Leeds accounts for some 29% of the region’s finance and business employment and 35% of employment in legal services. It is now commonly seen as the second most important legal and financial centre after London, as many top firms in these fields have an office in Leeds. Companies such as PricewaterhouseCoopers, Eversheds, Halifax, Scottish Life Mortgages (SLM), and Leeds & Holbeck Building Society now have their main or second office in the centre of Leeds.
One of the key reasons for this is its accessibility. Steve Scholes, director of Scottish Life Mortgages (SLM), believes Leeds is a good base from a commercial point of view. He says: ‘If you need to have a mobile work force, then Leeds is fairly central for the whole country so everywhere is easy to get to. The Pennines divide the UK in the north and Leeds is on the East, with the main transport links, making it a logical choice to have a base.’
Leeds boasts a recently revamped train station and is just two hours from London and Glasgow by GNER. The airport, while still small, is just four miles from the city centre and has launched Jet2, a new budget airline. In addition, an extensive tram network is being developed which will become operational in around five years.
However, while the proposed tram network is expected to boost house prices in all the areas that it passes through, such as Headingly and Chapel Allerton, it is not expected to reach to the outer suburbs and it is not expected to provide a commuter link to the airport, as hoped. Nevertheless, it may link up some of the less affluent areas south of the city centre such as Tingley and Hunslet.

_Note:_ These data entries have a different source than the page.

lemma realizable_first_integral:
  assumes \<sigma>: "pos_C1_Linf \<Omega> \<sigma>" "realizable_with \<Omega> \<sigma>"
    and S: "convex S" "\<gamma> ` S \<subseteq> \<Omega>"
    and \<gamma>: "\<And>t. t \<in> S \<Longrightarrow> (\<gamma> has_vector_derivative grad_u (\<gamma> t)) (at t within S)"
    and "a \<in> S" "b \<in> S"
  shows "\<sigma> (\<gamma> a) * (fst (\<gamma> a) * snd (\<gamma> a))^2 = \<sigma> (\<gamma> b) * (fst (\<gamma> b) * snd (\<gamma> b))^2"
proof -
  define w where "w q = \<sigma> q * (fst q * snd q)^2" for q
  obtain sx sy where ds: "\<And>q. q \<in> \<Omega> \<Longrightarrow> (\<sigma> has_derivative (\<lambda>h. sx q * fst h + sy q * snd h)) (at q)"
    using \<sigma>(1) unfolding pos_C1_Linf_def by blast
  have w_deriv: "(w has_derivative (\<lambda>h. (sx q * fst h + sy q * snd h) * (fst q * snd q)^2
      + \<sigma> q * (2 * (fst q * snd q) * (fst h * snd q + fst q * snd h)))) (at q)" if "q \<in> \<Omega>" for q
    unfolding w_def[abs_def]
    by (auto intro!: derivative_eq_intros ds[OF that] simp: algebra_simps power2_eq_square)
  have "((\<lambda>t. w (\<gamma> t)) has_derivative (\<lambda>h. 0)) (at t within S)" if t: "t \<in> S" for t
  proof -
    define q where "q = \<gamma> t"
    have q: "q \<in> \<Omega>" using S(2) t q_def by blast
    have tr: "sy q * (snd q)^2 - sx q * (fst q)^2 = 2 * \<sigma> q * (fst q - snd q)"
      using \<sigma>(2) q by (simp add: realizable_with_iff[OF ds])
    have "(sx q * fst (h *\<^sub>R grad_u q) + sy q * snd (h *\<^sub>R grad_u q)) * (fst q * snd q)^2
        + \<sigma> q * (2 * (fst q * snd q) * (fst (h *\<^sub>R grad_u q) * snd q + fst q * snd (h *\<^sub>R grad_u q)))
      = h * (fst q * snd q)^2 * ((sy q * (snd q)^2 - sx q * (fst q)^2) - 2 * \<sigma> q * (fst q - snd q))" for h
      by (simp add: grad_u_def algebra_simps power2_eq_square)
    then show ?thesis
      using has_derivative_in_compose[OF \<gamma>[OF t, unfolded has_vector_derivative_def]
          has_derivative_at_withinI[OF w_deriv[OF q, unfolded q_def]], folded q_def]
      unfolding tr by simp
  qed
  then show ?thesis
    using has_derivative_zero_unique[OF S(1)] \<open>a \<in> S\<close> \<open>b \<in> S\<close> unfolding w_def by blast
qed

lemma realizable_along_flow:
  assumes \<sigma>: "pos_C1_Linf \<Omega> \<sigma>" "realizable_with \<Omega> \<sigma>"
    and off_axes: "\<forall>q\<in>\<Omega>. fst q * snd q \<noteq> 0"
    and path: "flow p ` closed_segment 0 t \<subseteq> \<Omega>"
  shows "\<sigma> (flow p t) = \<sigma> p * ((1 + fst p * t) * (1 - snd p * t))^2"
proof -
  have conserved: "\<sigma> (flow p 0) * (fst (flow p 0) * snd (flow p 0))^2
      = \<sigma> (flow p t) * (fst (flow p t) * snd (flow p t))^2"
  proof (rule realizable_first_integral[OF \<sigma> convex_closed_segment path])
    fix s assume "s \<in> closed_segment 0 t"
    with path off_axes have "fst (flow p s) * snd (flow p s) \<noteq> 0" by blast
    then show "(flow p has_vector_derivative grad_u (flow p s)) (at s within closed_segment 0 t)"
      by (rule flow_has_vector_derivative_off_axes)
  qed auto
  have "fst (flow p t) * snd (flow p t) \<noteq> 0" "fst p * snd p \<noteq> 0"
    using path off_axes flow_0 by (metis ends_in_segment image_subset_iff)+
  then have "(1 + fst p * t) * (1 - snd p * t) \<noteq> 0"
    and "fst (flow p t) * snd (flow p t) = fst p * snd p / ((1 + fst p * t) * (1 - snd p * t))"
    by (auto simp: flow_def)
  with conserved \<open>fst p * snd p \<noteq> 0\<close> show ?thesis
    by (simp add: power_divide field_simps)
qed

lemma contraction_mem_Ioo:
  fixes x t a b :: real
  assumes "x \<in> {a<..<b}" "a \<le> 0" "0 \<le> b" "0 \<le> x * t"
  shows "x / (1 + x * t) \<in> {a<..<b}"
proof -
  define c where "c = 1 / (1 + x * t)"
  have c: "0 < c" "c \<le> 1" using assms(4) by (auto simp: c_def)
  have "a \<le> c * a" "c * a < c * x"
    using c assms(1,2) by (auto simp: mult_le_cancel_right1)
  moreover have "c * x < c * b" "c * b \<le> b"
    using c assms(1,3) by (auto simp: mult_left_le_one_le)
  ultimately show ?thesis by (simp add: c_def)
qed

lemma flow_mem_box:
  assumes "p \<in> {a<..<b} \<times> {c<..<d}" "a \<le> 0" "0 \<le> b" "c \<le> 0" "0 \<le> d"
    and "0 \<le> fst p * t" "snd p * t \<le> 0"
  shows "flow p t \<in> {a<..<b} \<times> {c<..<d}"
  using contraction_mem_Ioo[of "fst p" a b t] contraction_mem_Ioo[of "snd p" c d "-t"] assms
  by (auto simp: flow_def)

lemma pos_stable_fourth_quadrant: "pos_stable ({0<..<1} \<times> {-1<..<0}) grad_u (0,0)"
proof -
  let ?K = "{0..1/2} \<times> {-1/2..0} :: (real \<times> real) set"
  let ?V = "{-1/2<..<1/2} \<times> {-1/2<..<1/2} :: (real \<times> real) set"
  have V_inter: "?V \<inter> {0<..<1} \<times> {-1<..<0} = {0<..<1/2} \<times> {-1/2<..<0}" by auto
  have "\<exists>\<gamma>. \<gamma> 0 = p \<and> (\<forall>t\<ge>0. (\<gamma> has_vector_derivative grad_u (\<gamma> t)) (at t within {0..}) \<and> \<gamma> t \<in> ?K)"
    if p: "p \<in> {0<..<1/2} \<times> {-1/2<..<0}" for p
  proof (intro exI[of _ "flow p"] conjI allI impI)
    fix t :: real assume "0 \<le> t"
    with p have "flow p t \<in> {0<..<1/2} \<times> {-1/2<..<0}"
      by (intro flow_mem_box) (auto simp: mult_nonpos_nonneg)
    then show "(flow p has_vector_derivative grad_u (flow p t)) (at t within {0..})" "flow p t \<in> ?K"
      by (auto intro!: flow_has_vector_derivative_off_axes)
  qed simp
  then show ?thesis
    unfolding pos_stable_def V_inter
    by (intro exI[of _ ?K] conjI exI[of _ ?V])
      (auto simp: closure_Times square_def grad_u_def zero_prod_def intro!: compact_Times open_Times)
qed

lemma neg_stable_second_quadrant: "neg_stable ({-1<..<0} \<times> {0<..<1}) grad_u (0,0)"
proof -
  let ?K = "{-1/2..0} \<times> {0..1/2} :: (real \<times> real) set"
  let ?V = "{-1/2<..<1/2} \<times> {-1/2<..<1/2} :: (real \<times> real) set"
  have V_inter: "?V \<inter> {-1<..<0} \<times> {0<..<1} = {-1/2<..<0} \<times> {0<..<1/2}" by auto
  have "\<exists>\<gamma>. \<gamma> 0 = p \<and> (\<forall>t\<le>0. (\<gamma> has_vector_derivative grad_u (\<gamma> t)) (at t within {..0}) \<and> \<gamma> t \<in> ?K)"
    if p: "p \<in> {-1/2<..<0} \<times> {0<..<1/2}" for p
  proof (intro exI[of _ "flow p"] conjI allI impI)
    fix t :: real assume "t \<le> 0"
    with p have "flow p t \<in> {-1/2<..<0} \<times> {0<..<1/2}"
      by (intro flow_mem_box) (auto simp: mult_nonpos_nonpos mult_nonneg_nonpos)
    then show "(flow p has_vector_derivative grad_u (flow p t)) (at t within {..0})" "flow p t \<in> ?K"
      by (auto intro!: flow_has_vector_derivative_off_axes)
  qed simp
  then show ?thesis
    unfolding neg_stable_def V_inter
    by (intro exI[of _ ?K] conjI exI[of _ ?V])
      (auto simp: closure_Times square_def grad_u_def zero_prod_def intro!: compact_Times open_Times)
qed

As well as finance and law, Leeds is the major base for the UK’s service sector, which employs 315,5000 (82%) of the workforce. The DSS has relocated here from London, and most of the country’s major telesales operations operate out of Leeds, for example, Green Flag, First Direct, and Direct Line. Skipton Building Society, which has just opened a new office for several of its subsidiaries including the new credit reference agency, Call Credit, has also taken advantage of this labour supply by opening new offices in the city centre for these companies.
John Goodfellow, chief executive of Skipton Building Society, says: ‘The biggest employment sector in Leeds by far is the service sector ‘ especially phone centres, marketing and so on. It has a good pool of labour, and as with many cities around here, it has benefited from the downturn in employment in the traditional manufacturing towns in the area and consequently people have gravitated to Leeds looking for work.’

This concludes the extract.